Two immunologists shared the 2018 Nobel Prize in Physiology or Medicine. American James Patrick Allison, 70, from the MD Anderson Cancer Center in the USA, and Japanese Tasuku Honjo, 76, from Kyoto University in Japan, received the prize for contributing to the development of immunotherapy as a cancer treatment. This approach uses compounds that stimulate the body’s defense system to attack tumor cells. Immunotherapy is the fourth pillar of cancer care, alongside surgery, radiotherapy, and chemotherapy. In the 1990s, Allison began studying the CTLA-4 protein, which is associated with T lymphocytes, the immune cell that fights infectious agents and diseased cells. He found that once activated, the protein inhibited the action of T lymphocytes.
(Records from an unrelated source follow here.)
locale cwf =
  fixes C :: "('o, 'm, 'ty, 'tm, 'z) cwf_data_scheme"
  assumes is_cwf: "is_cwf C"
begin

lemma is_category: "is_category C"
  using is_cwf by (simp add: is_cwf_def)

lemma hom_Ob: "f \<in> cHom C X Y \<Longrightarrow> X \<in> cOb C \<and> Y \<in> cOb C"
  using is_category unfolding is_category_def by (elim conjE) blast

lemma id_hom: "X \<in> cOb C \<Longrightarrow> cid C X \<in> cHom C X X"
  using is_category unfolding is_category_def by blast

lemma comp_hom: "f \<in> cHom C X Y \<Longrightarrow> g \<in> cHom C Y Z \<Longrightarrow> ccomp C g f \<in> cHom C X Z"
  using is_category unfolding is_category_def by blast

lemma comp_id_left: "f \<in> cHom C X Y \<Longrightarrow> ccomp C (cid C Y) f = f"
  using is_category unfolding is_category_def by blast

lemma comp_assoc:
  "f \<in> cHom C W X \<Longrightarrow> g \<in> cHom C X Y \<Longrightarrow> h \<in> cHom C Y Z \<Longrightarrow>
   ccomp C (ccomp C h g) f = ccomp C h (ccomp C g f)"
  using is_category unfolding is_category_def by (elim conjE) metis

lemma tysub_Ty: "f \<in> cHom C D G \<Longrightarrow> A \<in> cTy C G \<Longrightarrow> ctysub C A f \<in> cTy C D"
  using is_cwf unfolding is_cwf_def by simp

lemma tysub_id: "G \<in> cOb C \<Longrightarrow> A \<in> cTy C G \<Longrightarrow> ctysub C A (cid C G) = A"
  using is_cwf unfolding is_cwf_def by simp

lemma tysub_comp:
  "f \<in> cHom C D G \<Longrightarrow> g \<in> cHom C E D \<Longrightarrow> A \<in> cTy C G \<Longrightarrow>
   ctysub C A (ccomp C f g) = ctysub C (ctysub C A f) g"
  using is_cwf unfolding is_cwf_def by simp

lemma ext_Ob: "G \<in> cOb C \<Longrightarrow> A \<in> cTy C G \<Longrightarrow> cext C G A \<in> cOb C"
  using is_cwf unfolding is_cwf_def by simp

lemma p_hom: "G \<in> cOb C \<Longrightarrow> A \<in> cTy C G \<Longrightarrow> cp C G A \<in> cHom C (cext C G A) G"
  using is_cwf unfolding is_cwf_def by simp

lemma tmsub_Tm:
  "f \<in> cHom C D G \<Longrightarrow> A \<in> cTy C G \<Longrightarrow> a \<in> cTm C G A \<Longrightarrow> ctmsub C a f \<in> cTm C D (ctysub C A f)"
  using is_cwf unfolding is_cwf_def by simp

lemma v_Tm: "G \<in> cOb C \<Longrightarrow> A \<in> cTy C G \<Longrightarrow> cv C G A \<in> cTm C (cext C G A) (ctysub C A (cp C G A))"
  using is_cwf unfolding is_cwf_def by simp

lemma pair_hom:
  "f \<in> cHom C D G \<Longrightarrow> A \<in> cTy C G \<Longrightarrow> a \<in> cTm C D (ctysub C A f) \<Longrightarrow>
   cpair C G A f a \<in> cHom C D (cext C G A)"
  using is_cwf unfolding is_cwf_def by simp

lemma p_pair:
  "f \<in> cHom C D G \<Longrightarrow> A \<in> cTy C G \<Longrightarrow> a \<in> cTm C D (ctysub C A f) \<Longrightarrow>
   ccomp C (cp C G A) (cpair C G A f a) = f"
  using is_cwf unfolding is_cwf_def by simp

lemma Fsub_FF: "f \<in> cHom C D G \<Longrightarrow> As \<in> FF C G \<Longrightarrow> Fsub C f As \<in> FF C D"
  by (auto simp: FF_def Fsub_def tysub_Ty)

lemma Fsub_id: "G \<in> cOb C \<Longrightarrow> As \<in> FF C G \<Longrightarrow> Fsub C (cid C G) As = As"
  unfolding FF_def Fsub_def by (intro map_idI) (auto simp: tysub_id)

lemma Fsub_comp:
  "f \<in> cHom C D G \<Longrightarrow> g \<in> cHom C E D \<Longrightarrow> As \<in> FF C G \<Longrightarrow>
   Fsub C (ccomp C f g) As = Fsub C g (Fsub C f As)"
  by (auto simp: FF_def Fsub_def tysub_comp)

lemma inhabited_under_comp:
  assumes "h \<in> cHom C D G" "u \<in> cHom C E D" "Bs \<in> FF C G" "inhabited_under C D h Bs"
  shows "inhabited_under C E (ccomp C h u) Bs"
  using assms tmsub_Tm[OF assms(2) tysub_Ty[OF assms(1)]]
  by (fastforce simp: inhabited_under_def FF_def tysub_comp)

lemma inhabited_under_Fsub:
  assumes "f \<in> cHom C D G" "h \<in> cHom C E D" "As \<in> FF C G"
  shows "inhabited_under C E h (Fsub C f As) \<longleftrightarrow> inhabited_under C E (ccomp C f h) As"
  using assms by (auto simp: inhabited_under_def FF_def Fsub_def subset_iff tysub_comp)

lemma tele_hom:
  assumes "G \<in> cOb C" "Bs \<in> FF C G"
  shows "tele_ctx C G Bs \<in> cOb C \<and> tele_proj C G Bs \<in> cHom C (tele_ctx C G Bs) G"
  using assms(2)
proof (induction Bs rule: rev_induct)
  case Nil
  then show ?case using assms(1) id_hom by simp
next
  case (snoc B Bs)
  then have "tele_ctx C G Bs \<in> cOb C" "tele_proj C G Bs \<in> cHom C (tele_ctx C G Bs) G"
    and "ctysub C B (tele_proj C G Bs) \<in> cTy C (tele_ctx C G Bs)"
    by (auto simp: FF_def intro: tysub_Ty)
  then show ?case by (auto simp: tele_snoc Let_def intro: ext_Ob comp_hom[OF p_hom])
qed

lemma inhabited_under_tele_proj:
  assumes G: "G \<in> cOb C"
  shows "Bs \<in> FF C G \<Longrightarrow> inhabited_under C (tele_ctx C G Bs) (tele_proj C G Bs) Bs"
proof (induction Bs rule: rev_induct)
  case Nil
  then show ?case by (simp add: inhabited_under_def)
next
  case (snoc B Bs)
  let ?D = "tele_ctx C G Bs" and ?q = "tele_proj C G Bs"
  let ?B' = "ctysub C B ?q"
  let ?p = "cp C ?D ?B'"
  have Bs: "Bs \<in> FF C G" and B: "B \<in> cTy C G" using snoc.prems by (auto simp: FF_def)
  have D: "?D \<in> cOb C" and q: "?q \<in> cHom C ?D G" using tele_hom[OF G Bs] by auto
  have B': "?B' \<in> cTy C ?D" using tysub_Ty[OF q B] .
  have p: "?p \<in> cHom C (cext C ?D ?B') ?D" using p_hom[OF D B'] .
  have "inhabited_under C (cext C ?D ?B') (ccomp C ?q ?p) Bs"
    using inhabited_under_comp[OF q p Bs snoc.IH[OF Bs]] .
  moreover have "cv C ?D ?B' \<in> cTm C (cext C ?D ?B') (ctysub C B (ccomp C ?q ?p))"
    using v_Tm[OF D B'] tysub_comp[OF q p B] by simp
  ultimately show ?case by (auto simp: tele_snoc Let_def inhabited_under_def)
qed

lemma factor_through_tele_proj:
  assumes G: "G \<in> cOb C"
  shows "Bs \<in> FF C G \<Longrightarrow> h \<in> cHom C E G \<Longrightarrow> inhabited_under C E h Bs \<Longrightarrow>
    \<exists>u \<in> cHom C E (tele_ctx C G Bs). ccomp C (tele_proj C G Bs) u = h"
proof (induction Bs arbitrary: h rule: rev_induct)
  case Nil
  then show ?case using comp_id_left hom_Ob id_hom by fastforce
next
  case (snoc B Bs)
  let ?D = "tele_ctx C G Bs" and ?q = "tele_proj C G Bs"
  let ?B' = "ctysub C B ?q"
  let ?p = "cp C ?D ?B'"
  have Bs: "Bs \<in> FF C G" and B: "B \<in> cTy C G" using snoc.prems by (auto simp: FF_def)
  have D: "?D \<in> cOb C" and q: "?q \<in> cHom C ?D G" using tele_hom[OF G Bs] by auto
  have B': "?B' \<in> cTy C ?D" using tysub_Ty[OF q B] .
  obtain u where u: "u \<in> cHom C E ?D" "ccomp C ?q u = h"
    using snoc.IH[OF Bs snoc.prems(2)] snoc.prems(3) by auto
  obtain b where "b \<in> cTm C E (ctysub C B h)"
    using snoc.prems(3) by (auto simp: inhabited_under_def)
  then have b: "b \<in> cTm C E (ctysub C ?B' u)" using tysub_comp[OF q u(1) B] u(2) by simp
  let ?w = "cpair C ?D ?B' u b"
  have w: "?w \<in> cHom C E (cext C ?D ?B')" using pair_hom[OF u(1) B' b] .
  have "ccomp C (ccomp C ?q ?p) ?w = h"
    using comp_assoc[OF w p_hom[OF D B'] q] p_pair[OF u(1) B' b] u(2) by simp
  with w show ?case by (auto simp: tele_snoc Let_def)
qed

lemma factor_through_tele_proj_iff:
  assumes "G \<in> cOb C" "Bs \<in> FF C G" "h \<in> cHom C E G"
  shows "(\<exists>u \<in> cHom C E (tele_ctx C G Bs). ccomp C (tele_proj C G Bs) u = h)
    \<longleftrightarrow> inhabited_under C E h Bs"
  using factor_through_tele_proj[OF assms] tele_hom[OF assms(1,2)]
    inhabited_under_comp[OF _ _ assms(2) inhabited_under_tele_proj[OF assms(1,2)]]
  by blast

lemma Fle_iff_factor:
  assumes "G \<in> cOb C" "As \<in> FF C G" "Bs \<in> FF C G"
  shows "Fle C G As Bs \<longleftrightarrow>
    (\<exists>u \<in> cHom C (tele_ctx C G As) (tele_ctx C G Bs). ccomp C (tele_proj C G Bs) u = tele_proj C G As)"
  using factor_through_tele_proj_iff[OF assms(1,3)] tele_hom[OF assms(1,2)]
  by (simp add: Fle_iff_inhabited_under)

lemma Fle_refl: "G \<in> cOb C \<Longrightarrow> As \<in> FF C G \<Longrightarrow> Fle C G As As"
  using inhabited_under_tele_proj by (simp add: Fle_iff_inhabited_under)

lemma Fle_trans:
  assumes G: "G \<in> cOb C" and "As \<in> FF C G" "Bs \<in> FF C G" "Cs \<in> FF C G"
    and "Fle C G As Bs" "Fle C G Bs Cs"
  shows "Fle C G As Cs"
proof -
  obtain u where u: "u \<in> cHom C (tele_ctx C G As) (tele_ctx C G Bs)"
      "ccomp C (tele_proj C G Bs) u = tele_proj C G As"
    using assms Fle_iff_factor by blast
  obtain v where v: "v \<in> cHom C (tele_ctx C G Bs) (tele_ctx C G Cs)"
      "ccomp C (tele_proj C G Cs) v = tele_proj C G Bs"
    using assms Fle_iff_factor by blast
  have r: "tele_proj C G Cs \<in> cHom C (tele_ctx C G Cs) G"
    using tele_hom[OF G \<open>Cs \<in> FF C G\<close>] by simp
  have "ccomp C (tele_proj C G Cs) (ccomp C v u) = tele_proj C G As"
    using comp_assoc[OF u(1) v(1) r] u(2) v(2) by simp
  then show ?thesis
    using Fle_iff_factor[OF G \<open>As \<in> FF C G\<close> \<open>Cs \<in> FF C G\<close>] comp_hom[OF u(1) v(1)] by blast
qed

lemma Fle_Fsub:
  assumes f: "f \<in> cHom C D G" and As: "As \<in> FF C G" and Bs: "Bs \<in> FF C G"
    and le: "Fle C G As Bs"
  shows "Fle C D (Fsub C f As) (Fsub C f Bs)"
proof -
  let ?As' = "Fsub C f As"
  have G: "G \<in> cOb C" and D: "D \<in> cOb C" using hom_Ob[OF f] by auto
  have As': "?As' \<in> FF C D" using Fsub_FF[OF f As] .
  have q: "tele_proj C G As \<in> cHom C (tele_ctx C G As) G" using tele_hom[OF G As] by simp
  have q': "tele_proj C D ?As' \<in> cHom C (tele_ctx C D ?As') D" using tele_hom[OF D As'] by simp
  have "inhabited_under C (tele_ctx C D ?As') (ccomp C f (tele_proj C D ?As')) As"
    using inhabited_under_tele_proj[OF D As'] inhabited_under_Fsub[OF f q' As] by simp
  then obtain w where w: "w \<in> cHom C (tele_ctx C D ?As') (tele_ctx C G As)"
      "ccomp C (tele_proj C G As) w = ccomp C f (tele_proj C D ?As')"
    using factor_through_tele_proj[OF G As comp_hom[OF q' f]] by blast
  have "inhabited_under C (tele_ctx C D ?As') (ccomp C f (tele_proj C D ?As')) Bs"
    using inhabited_under_comp[OF q w(1) Bs] le w(2) by (simp add: Fle_iff_inhabited_under)
  then show ?thesis
    using inhabited_under_Fsub[OF f q' Bs] by (simp add: Fle_iff_inhabited_under)
qed

lemma lower_semilattice_Pr:
  assumes G: "G \<in> cOb C"
  shows "lower_semilattice (FF C G) (Fle C G) [] (@)"
proof -
  have FF_closed: "[] \<in> FF C G" "\<And>As Bs. As \<in> FF C G \<Longrightarrow> Bs \<in> FF C G \<Longrightarrow> As @ Bs \<in> FF C G"
    by (simp_all add: FF_def)
  have top: "Fle C G As []" for As
    by (simp add: Fle_def)
  have meet: "Fle C G Zs (Xs @ Ys) \<longleftrightarrow> Fle C G Zs Xs \<and> Fle C G Zs Ys" for Zs Xs Ys
    by (simp add: Fle_iff_inhabited_under)
  show ?thesis
    unfolding lower_semilattice_def
    using FF_closed top meet Fle_refl[OF G] Fle_trans[OF G] by meson
qed

lemma lsl_hom_Fsub:
  assumes "f \<in> cHom C D G"
  shows "lsl_hom (FF C G) (Fle C G) [] (@) (FF C D) (Fle C D) [] (@) (Fsub C f)"
  using Fsub_FF[OF assms] Fle_Fsub[OF assms] by (auto simp: lsl_hom_def Fsub_def)

end

theorem mainTheorem16:
  fixes C :: "('o, 'm, 'ty, 'tm, 'z) cwf_data_scheme"
  assumes "is_cwf C"
  shows "(\<forall>G \<in> cOb C. lower_semilattice (FF C G) (Fle C G) [] (@))
       \<and> (\<forall>G D f. f \<in> cHom C D G \<longrightarrow>
            lsl_hom (FF C G) (Fle C G) [] (@) (FF C D) (Fle C D) [] (@) (Fsub C f))
       \<and> (\<forall>G \<in> cOb C. \<forall>As \<in> FF C G. Fsub C (cid C G) As = As)
       \<and> (\<forall>G D E f g. f \<in> cHom C D G \<longrightarrow> g \<in> cHom C E D \<longrightarrow>
            (\<forall>As \<in> FF C G. Fsub C (ccomp C f g) As = Fsub C g (Fsub C f As)))"
proof -
  interpret cwf C by (rule cwf.intro[OF assms])
  show ?thesis
    using lower_semilattice_Pr lsl_hom_Fsub Fsub_id Fsub_comp by blast
qed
In 1994, Allison and his team at the University of California, Berkeley, developed a molecule (antibody) that binds to CTLA-4 and prevents it from activating, allowing the lymphocytes to attack diseased cells. The strategy led to the creation of ipilimumab, the first monoclonal antibody against CTLA-4 approved to treat skin cancer. In 1992, Honjo’s team identified PD-1, another T lymphocyte surface protein that inhibits the immune system. The finding led to the development of an antibody that can help treat a variety of tumor types.